» Problem requirements:
List each line of the data in which the string "delta" appears.

» The records:
(* Let $b,\omega:\mathbb{R}\to\mathbb{R}$ be continuous with $0<b_0\le b(t)\le b_1$ and $0\le\omega_0\le\omega(t)\le\omega_1<\pi^2$. If $\gamma$ is a non-negative bounded complete trajectory of (P) such that $\gamma(t)\to0$ in $L^2(0,1)$ as $t\to-\infty$, then for every $t_1\in\mathbb{R}$ there exists $t_0\le t_1$ with $\gamma(t_0)\notin D$. If additionally $b,\omega\in W^{1,2}_{loc}(\mathbb{R})$, the same conclusion holds for every bounded complete trajectory $\gamma$ (not necessarily non-negative) with $\gamma(t)\to0$ as $t\to-\infty$.
   Context: $H=L^2(0,1)$, $V=H_0^1(0,1)$, $A=-d^2/dx^2$, $D(A)=H^2(0,1)\cap V$, $H_0(s)=\{-1\}$ ($s<0$), $[-1,1]$ ($s=0$), $\{1\}$ ($s>0$). Problem (P) with initial time $\tau$: $\partial_t u-\partial_{xx}u\in b(t)H_0(u)+\omega(t)u$ on $(\tau,\infty)\times(0,1)$, Dirichlet conditions, $u(\tau)=u_\tau$. A solution is $u\in C([\tau,\infty),H)$ with $u(\tau)=u_\tau$, absolutely continuous on each $[T_1,T_2]$, $\tau<T_1<T_2$, $u(t)\in D(A)$ a.e., with some $r\in L^2_{loc}(\tau,\infty;H)$, $r(t)(x)\in b(t)H_0(u(t)(x))+\omega(t)u(t)(x)$ a.e., $du/dt+Au=r$ a.e. A complete trajectory is $\gamma:\mathbb{R}\to H$ whose restriction to each $[\tau,\infty)$ is a solution with initial time $\tau$; bounded if its range is bounded in $H$; non-negative if $\gamma(t)\ge0$ a.e. for all $t$. $D=\{v\in V: v(x)>0\ \forall x\in(0,1)\}$. *)

theory Defs
  imports "HOL-Analysis.Analysis"
begin

text \<open>Elements of H = L^2(0,1) are represented by functions real => real
  (representatives); identity in H is equality a.e. on (0,1).\<close>

definition sq_int :: "(real \<Rightarrow> real) \<Rightarrow> bool" where
  "sq_int f \<longleftrightarrow> set_borel_measurable lborel {0<..<1} f
     \<and> set_integrable lborel {0<..<1} (\<lambda>x. (f x)\<^sup>2)"

definition L2nrm :: "(real \<Rightarrow> real) \<Rightarrow> real" where
  "L2nrm f = sqrt (LBINT x:{0<..<1}. (f x)\<^sup>2)"

definition prim :: "(real \<Rightarrow> real) \<Rightarrow> real \<Rightarrow> real" where
  "prim g x = (LBINT s=0..x. g s)"

text \<open>F is the continuous representative of f in V = H_0^1(0,1).\<close>
definition V_rep :: "(real \<Rightarrow> real) \<Rightarrow> (real \<Rightarrow> real) \<Rightarrow> bool" where
  "V_rep f F \<longleftrightarrow> (\<exists>g. sq_int g \<and> F = prim g \<and> F 1 = 0)
     \<and> (AE x in lborel. 0 < x \<and> x < 1 \<longrightarrow> f x = F x)"

text \<open>f in D(A) = H^2 \<inter> H_0^1 with second derivative h, i.e. A f = - h.\<close>
definition DA_lap :: "(real \<Rightarrow> real) \<Rightarrow> (real \<Rightarrow> real) \<Rightarrow> bool" where
  "DA_lap f h \<longleftrightarrow> sq_int h \<and> (\<exists>c. prim (\<lambda>y. c + prim h y) 1 = 0
     \<and> (AE x in lborel. 0 < x \<and> x < 1 \<longrightarrow> f x = prim (\<lambda>y. c + prim h y) x))"

definition in_D :: "(real \<Rightarrow> real) \<Rightarrow> bool" where
  "in_D f \<longleftrightarrow> (\<exists>F. V_rep f F \<and> (\<forall>x. 0 < x \<and> x < 1 \<longrightarrow> F x > 0))"

definition Hsign :: "real \<Rightarrow> real \<Rightarrow> bool" where
  "Hsign s y \<longleftrightarrow> (s < 0 \<and> y = -1) \<or> (s = 0 \<and> -1 \<le> y \<and> y \<le> 1) \<or> (s > 0 \<and> y = 1)"

definition H_abs_cont :: "(real \<Rightarrow> real \<Rightarrow> real) \<Rightarrow> real \<Rightarrow> real \<Rightarrow> bool" where
  "H_abs_cont u T1 T2 \<longleftrightarrow> (\<forall>\<epsilon>>0. \<exists>\<delta>>0. \<forall>(n::nat) (a::nat \<Rightarrow> real) c.
     (\<forall>i<n. T1 \<le> a i \<and> a i \<le> c i \<and> c i \<le> T2)
     \<and> (\<forall>i<n. \<forall>j<n. i \<noteq> j \<longrightarrow> c i \<le> a j \<or> c j \<le> a i)
     \<and> (\<Sum>i<n. c i - a i) < \<delta>
     \<longrightarrow> (\<Sum>i<n. L2nrm (\<lambda>x. u (c i) x - u (a i) x)) < \<epsilon>)"

definition has_H_deriv :: "(real \<Rightarrow> real \<Rightarrow> real) \<Rightarrow> (real \<Rightarrow> real) \<Rightarrow> real \<Rightarrow> bool" where
  "has_H_deriv u v t \<longleftrightarrow>
     ((\<lambda>s. L2nrm (\<lambda>x. (u s x - u t x) / (s - t) - v x)) \<longlongrightarrow> 0) (at t)"

text \<open>r in L^2_loc(tau,infinity; H), identified with L^2 on compact [T1,T2] x (0,1).\<close>
definition L2loc_H :: "real \<Rightarrow> (real \<Rightarrow> real \<Rightarrow> real) \<Rightarrow> bool" where
  "L2loc_H \<tau> r \<longleftrightarrow> (\<lambda>(t, x). r t x) \<in> borel_measurable (lborel \<Otimes>\<^sub>M lborel)
     \<and> (\<forall>T1 T2. \<tau> < T1 \<and> T1 < T2 \<longrightarrow>
          set_integrable (lborel \<Otimes>\<^sub>M lborel) ({T1..T2} \<times> {0<..<1}) (\<lambda>(t, x). (r t x)\<^sup>2))"

definition is_solution ::
  "(real \<Rightarrow> real) \<Rightarrow> (real \<Rightarrow> real) \<Rightarrow> real \<Rightarrow> (real \<Rightarrow> real) \<Rightarrow> (real \<Rightarrow> real \<Rightarrow> real) \<Rightarrow> bool" where
  "is_solution b \<omega> \<tau> u\<^sub>\<tau> u \<longleftrightarrow>
     (\<forall>t\<ge>\<tau>. sq_int (u t))
     \<and> (\<forall>t\<ge>\<tau>. ((\<lambda>s. L2nrm (\<lambda>x. u s x - u t x)) \<longlongrightarrow> 0) (at t within {\<tau>..}))
     \<and> sq_int u\<^sub>\<tau> \<and> L2nrm (\<lambda>x. u \<tau> x - u\<^sub>\<tau> x) = 0
     \<and> (\<forall>T1 T2. \<tau> < T1 \<and> T1 < T2 \<longrightarrow> H_abs_cont u T1 T2)
     \<and> (\<exists>r. L2loc_H \<tau> r
          \<and> (AE t in lborel. \<tau> < t \<longrightarrow>
               (AE x in lborel. 0 < x \<and> x < 1 \<longrightarrow>
                  (\<exists>y. Hsign (u t x) y \<and> r t x = b t * y + \<omega> t * u t x)))
          \<and> (AE t in lborel. \<tau> < t \<longrightarrow>
               (\<exists>h. DA_lap (u t) h \<and> has_H_deriv u (\<lambda>x. r t x + h x) t)))"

» Solved problem:
  "H_abs_cont u T1 T2 \<longleftrightarrow> (\<forall>\<epsilon>>0. \<exists>\<delta>>0. \<forall>(n::nat) (a::nat \<Rightarrow> real) c.
     \<and> (\<Sum>i<n. c i - a i) < \<delta>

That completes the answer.